Saturday, October 8, 2011
So, the other night I was feeling pretty sick. Really, really rotten. I've had a cold for about three weeks and this past week was maybe the worst, mostly because I lost my voice (and felt like poo). Anyway, my mom basically ordered me to her house. And she made me supper. And she put me to bed. And the next morning she gave me a big hug and kiss.
I felt loads better.
This is just one of the many reasons why my mother is maybe the most amazing person I know. She is selfless, loving, and a happy and positive person to be around. Even when things aren't always so easy. I'm not going to go into great detail about my mom and what is happening in her/our lives right now, partly because my mom gets embarrassed when I give too much detail on this blog, and this stuff has more to do with her than me, but let me say, she's got a lot on her plate. She's busy every. Single. Day. And while my dad, my brother, and I do make attempts to be helpful, it's not enough.
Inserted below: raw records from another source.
(* Let $K^*\in\mathbb{N}$, $M>0$, $p\in\mathbb{N}$, let $\mathcal{Y}\subset\mathbb{R}^{K^*}$ be a compact set, let $f_*:[-M,M]^p\to\mathcal{Y}$ be continuous, and let $g_*:\mathcal{Y}^2\to\mathbb{R}$ be a conditionally positive definite kernel. Let $\sigma:\mathbb{R}\to\mathbb{R}$ be either the ReLU function or a function that is non-constant, continuous, bounded and monotonically increasing. Then for every $\varepsilon>0$ there exist constants $C>0$ and $r_0>0$ such that for every $r\ge r_0$ there exist $K\in\mathbb{N}$, $T=T(K)\in\mathbb{N}$, $\boldsymbol A\in\mathbb{R}^{K\times T}$, $\boldsymbol B\in\mathbb{R}^{T\times p}$, $\boldsymbol c\in\mathbb{R}^T$ and $\gamma\in\mathbb{R}$ with $|\gamma|\le C r^2$ such that \[ \Big| g_*\big(f_*(\boldsymbol x),f_*(\boldsymbol x')\big) - \big( \langle f_{\boldsymbol\psi}(\boldsymbol x), f_{\boldsymbol\psi}(\boldsymbol x')\rangle - \gamma\big)\Big| < \varepsilon + C r^{-2} \] for all $(\boldsymbol x,\boldsymbol x')\in[-M,M]^{2p}$, where $f_{\boldsymbol\psi}(\boldsymbol x)=\boldsymbol A\,\boldsymbol\sigma(\boldsymbol B\boldsymbol x+\boldsymbol c)\in\mathbb{R}^K$ and $\boldsymbol\sigma$ denotes $\sigma$ applied element-wise.
   Context: A kernel on $\mathcal{Y}^2$ is a symmetric continuous function $g:\mathcal{Y}^2\to\mathbb{R}$. A kernel $g$ is conditionally positive definite (CPD) if $\sum_{i=1}^n\sum_{j=1}^n c_ic_j g(\boldsymbol y_i,\boldsymbol y_j)\ge 0$ for all $n\in\mathbb{N}$, all $\boldsymbol y_1,\dots,\boldsymbol y_n\in\mathcal{Y}$ and all $c_1,\dots,c_n\in\mathbb{R}$ with $\sum_{i=1}^n c_i=0$. $\langle\cdot,\cdot\rangle$ is the Euclidean inner product. *)

theory Defs
  imports "HOL-Analysis.Analysis"
begin

definition is_kernel :: "'a::topological_space set \<Rightarrow> ('a \<Rightarrow> 'a \<Rightarrow> real) \<Rightarrow> bool" where
  "is_kernel Y g \<longleftrightarrow> (\<forall>y\<in>Y. \<forall>z\<in>Y. g y z = g z y)
      \<and> continuous_on (Y \<times> Y) (\<lambda>(y, z). g y z)"

definition cpd_kernel :: "'a::topological_space set \<Rightarrow> ('a \<Rightarrow> 'a \<Rightarrow> real) \<Rightarrow> bool" where
  "cpd_kernel Y g \<longleftrightarrow> is_kernel Y g \<and>
     (\<forall>(n::nat) (y::nat \<Rightarrow> 'a) (c::nat \<Rightarrow> real).
        (\<forall>i<n. y i \<in> Y) \<longrightarrow> (\<Sum>i<n. c i) = 0 \<longrightarrow>
        (\<Sum>i<n. \<Sum>j<n. c i * c j * g (y i) (y j)) \<ge> 0)"

definition relu :: "real \<Rightarrow> real" where
  "relu x = max 0 x"

definition admissible_activation :: "(real \<Rightarrow> real) \<Rightarrow> bool" where
  "admissible_activation \<sigma> \<longleftrightarrow> \<sigma> = relu \<or>
     ((\<exists>a b. \<sigma> a \<noteq> \<sigma> b) \<and> continuous_on UNIV \<sigma> \<and> bounded (range \<sigma>) \<and> mono \<sigma>)"

definition cube :: "real \<Rightarrow> (real ^ 'p) set" where
  "cube M = {x. \<forall>i. \<bar>x $ i\<bar> \<le> M}"

text \<open>Shallow network f_psi(x) = A sigma(B x + c) in R^K (components k < K),
  with A a K x T matrix, B a T x p matrix, c in R^T.\<close>
definition shallow_net ::
  "(real \<Rightarrow> real) \<Rightarrow> nat \<Rightarrow> (nat \<Rightarrow> nat \<Rightarrow> real) \<Rightarrow> (nat \<Rightarrow> 'p::finite \<Rightarrow> real)
     \<Rightarrow> (nat \<Rightarrow> real) \<Rightarrow> real ^ 'p \<Rightarrow> nat \<Rightarrow> real" where
  "shallow_net \<sigma> T A B c x k = (\<Sum>t<T. A k t * \<sigma> ((\<Sum>j\<in>UNIV. B t j * x $ j) + c t))"

definition innerK :: "nat \<Rightarrow> (nat \<Rightarrow> real) \<Rightarrow> (nat \<Rightarrow> real) \<Rightarrow> real" where
  "innerK K u v = (\<Sum>k<K. u k * v k)"

end

theory Submission
  imports Defs
begin

text \<open>
  Discretise the conditionally positive definite kernel \<open>h x x' = g (f x) (f x')\<close> on a fine
  partition of unity \<open>\<psi>\<^sub>i\<close> with nodes \<open>p\<^sub>i\<close>, and centre it at a point \<open>y0\<close>: the centred Gram
  matrix \<open>h p\<^sub>i p\<^sub>j - h p\<^sub>i y0 - h y0 p\<^sub>j + h y0 y0\<close> is positive semidefinite, so after adding a
  small ridge it has a Cholesky factor \<open>L\<close>. This gives continuous features
  \<open>\<phi>\<^sub>l = \<Sigma>\<^sub>i L\<^sub>l\<^sub>i \<psi>\<^sub>i\<close> and a continuous \<open>u\<close> with \<open>h x x' \<approx> \<langle>\<phi> x, \<phi> x'\<rangle> + u x + u x' + \<kappa>\<close>.
  Appending the coordinate \<open>r + u / r\<close> turns the right-hand side into an inner product minus the
  offset \<open>\<gamma> = r\<^sup>2 - \<kappa>\<close>, up to the error \<open>u x u x' / r\<^sup>2 = O(r\<^sup>-\<^sup>2)\<close>. Finally every feature is
  uniformly approximated by a shallow network: sums of exponentials \<open>exp (w \<bullet> x)\<close> are dense by
  Stone-Weierstrass, and a function of \<open>w \<bullet> x\<close> is a uniform limit of staircases built from
  rescaled copies of a bounded monotone activation.
\<close>

definition shallow_nets :: "(real \<Rightarrow> real) \<Rightarrow> (real ^ 'p::finite \<Rightarrow> nat \<Rightarrow> real) set" where
  "shallow_nets \<sigma> = {shallow_net \<sigma> T A B c | T A B c. True}"

lemma shallow_netsE:
  assumes "F \<in> shallow_nets \<sigma>"
  obtains T A B c where "\<And>x k. F x k = shallow_net \<sigma> T A B c x k"
  using assms unfolding shallow_nets_def by auto

lemma shallow_netsI: "(\<And>x k. F x k = shallow_net \<sigma> T A B c x k) \<Longrightarrow> F \<in> shallow_nets \<sigma>"
  unfolding shallow_nets_def by (auto intro!: exI ext)

lemma sum_lessThan_add:
  "(\<Sum>t<a + b. f t) = (\<Sum>t<a. f t) + (\<Sum>t<b. f (a + t))" for f :: "nat \<Rightarrow> 'a::comm_monoid_add"
  by (induction b) (auto simp: add.commute add.left_commute)

lemma shallow_nets_zero: "(\<lambda>x k. 0) \<in> shallow_nets \<sigma>"
  by (rule shallow_netsI[of _ _ 0]) (simp add: shallow_net_def)

lemma shallow_nets_add:
  assumes "F \<in> shallow_nets \<sigma>" "G \<in> shallow_nets \<sigma>"
  shows "(\<lambda>x k. F x k + G x k) \<in> shallow_nets \<sigma>"
proof -
  obtain T1 A1 B1 c1 where F: "\<And>x k. F x k = shallow_net \<sigma> T1 A1 B1 c1 x k"
    using shallow_netsE[OF assms(1)] by blast
  obtain T2 A2 B2 c2 where G: "\<And>x k. G x k = shallow_net \<sigma> T2 A2 B2 c2 x k"
    using shallow_netsE[OF assms(2)] by blast
  define A where "A k t = (if t < T1 then A1 k t else A2 k (t - T1))" for k t
  define B where "B t = (if t < T1 then B1 t else B2 (t - T1))" for t
  define c where "c t = (if t < T1 then c1 t else c2 (t - T1))" for t
  show ?thesis
    by (rule shallow_netsI[of _ _ "T1 + T2" A B c])
      (simp add: F G shallow_net_def sum_lessThan_add A_def B_def c_def)
qed

lemma shallow_nets_sum:
  fixes m :: nat
  assumes "\<And>i. i < m \<Longrightarrow> F i \<in> shallow_nets \<sigma>"
  shows "(\<lambda>x k. \<Sum>i<m. F i x k) \<in> shallow_nets \<sigma>"
  using assms by (induction m) (simp_all add: shallow_nets_zero shallow_nets_add)

lemma shallow_nets_coordinate:
  assumes "F \<in> shallow_nets \<sigma>"
  shows "(\<lambda>x k. if k = l then F x 0 else 0) \<in> shallow_nets \<sigma>"
proof -
  obtain T A B c where F: "\<And>x k. F x k = shallow_net \<sigma> T A B c x k"
    using shallow_netsE[OF assms] by blast
  show ?thesis
    by (rule shallow_netsI[of _ _ T "\<lambda>k t. if k = l then A 0 t else 0" B c])
      (simp add: F shallow_net_def)
qed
But she still keeps chugging along. With a smile on her face.
She is simultaneously caring for the family her lives in her home, family who live outside of her home, working a job, fulfilling other obligations, and dealing with whatever other unexpected things that crop up (like her 23 year old daughter needing to borrow $10 for gas because she forgot to ask her husband before he left for work, leaving her to meet said daughter at her granddaughter's daycare to drop off the money). I am consistently blown away by her ability to multi-task and hold it all together at the same time. I can't do it, not yet, and I wonder if I'll ever do it quite as well.
All of those balancing act/Supermom things aside, the biggest thing about my mom that completely floors me is how much she cares about my brother and I, and how much of a good mom that she is. Obviously our relationship was/is not always perfect, but there has never, ever been a day in my life where I doubted the love of my mother or whether or not I could go to her with something. She has always been a solid and loving force in my life, even in the days when I would scream, "I hate you!" and slam the door in her face (Sorry, Mom...:-().
I've always said, if I can be half the mother she was to Lizzie, then Lizzie will have it pretty darn good.